Star Reporter
Rachel Maddow blazes her first trail to SXSW
By Amy Smith, Fri., March 8, 2013
Call it serendipitous timing. The host of MSNBC's The Rachel Maddow Show – Rachel Maddow herself – makes her debut at this year's SXSW Interactive just days after the paperback release of her 2012 bestseller, Drift: The Unmooring of American Military Power. It's not often the Festival's frenetic schedule coincides nicely with the book release and cross-country tour of one of the busiest women in news, but Interactive Director Hugh Forrest has a simple explanation: "All the stars aligned in the correct way." Here are some excerpts from our email exchange with Maddow.
Austin Chronicle: This year will mark a first for you as a featured speaker at the Festival – will it also be your first time at SXSW?
Rachel Maddow: I have never been to SXSW before, but it's one of those things that I half-plan to go to every single freaking year, even though I never make it. My partner Susan [Mikula] has been a bunch of times, but I never have. It's part of the reason I was so excited when they asked if I could do it.
AC: As a journalist, you have the good fortune of being able to reach millions of people through your news show, your blog, and Twitter. I'm curious to know how widely your audience demographic varies with each of these avenues.
RM: I don't follow the demographics religiously, but my sense is that my show trends a little younger than the usual cable-news-watching audience. (But take that with a grain of salt: The cable-news-watching [audience] is a lot older than the population in general.) On Twitter and Facebook and the blog, we trend younger still – I think that's just because of who spends their day using those tools. We try to use our online presence not to just broadcast in a different medium, but to get feedback and information for the show. A bunch of our best and most original story ideas started with tips from blog commenters.
AC: What are the downsides of social media, in your view?

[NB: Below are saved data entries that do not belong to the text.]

lemma mink_boost_map:
  assumes "norm w = 1"
  shows "mink (boost_map w s x) (boost_map w s y) = mink x y"
proof -
  define a b where "a = w \<bullet> spatial x" and "b = w \<bullet> spatial y"
  define \<alpha> \<beta> where "\<alpha> = (cosh s - 1) * a + sinh s * x $ None"
    and "\<beta> = (cosh s - 1) * b + sinh s * y $ None"
  have ww: "w \<bullet> w = 1"
    using assms by (simp add: dot_square_norm)
  have "mink (boost_map w s x) (boost_map w s y) =
      (cosh s * x $ None + sinh s * a) * (cosh s * y $ None + sinh s * b)
      - (spatial x \<bullet> spatial y + (\<beta> * a + \<alpha> * b + \<alpha> * \<beta>))"
    unfolding mink_eq_time_spatial boost_map_def a_def b_def \<alpha>_def \<beta>_def
    by (simp add: inner_add_left inner_add_right ww inner_commute[of "spatial x" w] algebra_simps)
  also have "\<dots> = x $ None * y $ None - spatial x \<bullet> spatial y"
    unfolding \<alpha>_def \<beta>_def using cosh_square_eq[of s] by algebra
  finally show ?thesis
    by (simp add: mink_eq_time_spatial)
qed

lemma mink_boost_map_left:
  "mink (boost_map w s v) p =
     sinh s * ((v $ None + w \<bullet> spatial v) * (p $ None - w \<bullet> spatial p))
     + exp (- s) * (v $ None * p $ None - (w \<bullet> spatial v) * (w \<bullet> spatial p))
     + ((w \<bullet> spatial v) * (w \<bullet> spatial p) - spatial v \<bullet> spatial p)"
proof -
  have "cosh s = sinh s + exp (- s)"
    using cosh_minus_sinh[of s] by simp
  then show ?thesis
    unfolding mink_eq_time_spatial boost_map_def
    by (simp add: inner_add_left algebra_simps)
qed

definition boost :: "real^('s::finite) \<Rightarrow> real \<Rightarrow> real^('s option)^('s option)" where
  "boost w s = matrix (boost_map w s)"

lemma boost_mult [simp]: "boost w s *v x = boost_map w s x"
  unfolding boost_def by (metis linear_boost_map matrix_vector_mul(2))

lemma boost_zero_rapidity: "boost w 0 = mat 1"
  by (simp add: boost_def boost_map_zero_rapidity matrix_id_mat_1)

lemma boost_in_lorentz_group: "norm w = 1 \<Longrightarrow> boost w s \<in> lorentz_group"
  by (simp add: lorentz_group_def mink_boost_map)

lemma continuous_on_boost: "continuous_on A (boost w)"
proof -
  have "continuous_on A (\<lambda>s. boost_map w s x $ i)" for x i
    by (cases i) (auto simp: boost_map_def intro!: continuous_intros)
  then show ?thesis
    unfolding boost_def matrix_def by (intro continuous_on_vec_lambda)
qed

lemma boost_in_SO0:
  assumes "norm w = 1"
  shows "boost w s \<in> SO0"
proof -
  let ?path = "boost w ` closed_segment 0 s"
  have "connected ?path"
    by (intro connected_continuous_image continuous_on_boost connected_segment)
  moreover have "?path \<subseteq> lorentz_group"
    using boost_in_lorentz_group[OF assms] by auto
  moreover have "mat 1 \<in> ?path"
    by (metis boost_zero_rapidity ends_in_segment(1) image_eqI)
  moreover have "boost w s \<in> ?path"
    by simp
  ultimately show ?thesis
    unfolding SO0_def using connected_componentI by blast
qed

RM: It sucks you in! Because it's such a democratic medium, because everyone has access to everyone else's first drafts and raw responses along with the more polished work, the process of reading and sifting blurs the lines between work and distraction. I'm not exactly embarrassed if my executive producer comes in my office and sees that I'm reading my Twitter timeline – after all, we use Twitter a lot for work. But if he knew that what I was really using it for was finding every available GIF of that failed fake field goal attempt ...
AC: In your segment on [CIA director nominee] John Brennan's confirmation hearing, you raised several good arguments for reforming policies on the use of drones for targeted killing and the overall operations and oversight of the CIA. Are you at all optimistic that we'll see any headway in that direction under President Obama?
RM: I think President Obama mentioning increased "transparency" on the issue of counter-terrorism in his State of the Union address was a positive sign. But ultimately, we're waiting on the answers to two questions: Congress passed an authorization for the use of military force right after 9/11 to go after the people who attacked us; does that ever expire? And how long is the CIA going to be treated like a branch of the military? Operationally, the military can do everything that the CIA does now – but we know a hell of a lot more about how the military is overseen by accountable civilians. I'm not against war, but I'm against war that never ends. And I'm not against our country using lethal force against its enemies, but I'm against our government doing anything that isn't ultimately democratically accountable.
AC: During a recent trip to Texas, Gloria Steinem told the Fort Worth Star-Telegram that Gov. Rick Perry "will go down in history as ... a dictatorial, unacceptable American." She was specifically referring to the governor's war on Planned Parenthood and his evisceration of Texas' women's health care program. What words would you use to describe Rick Perry's legacy?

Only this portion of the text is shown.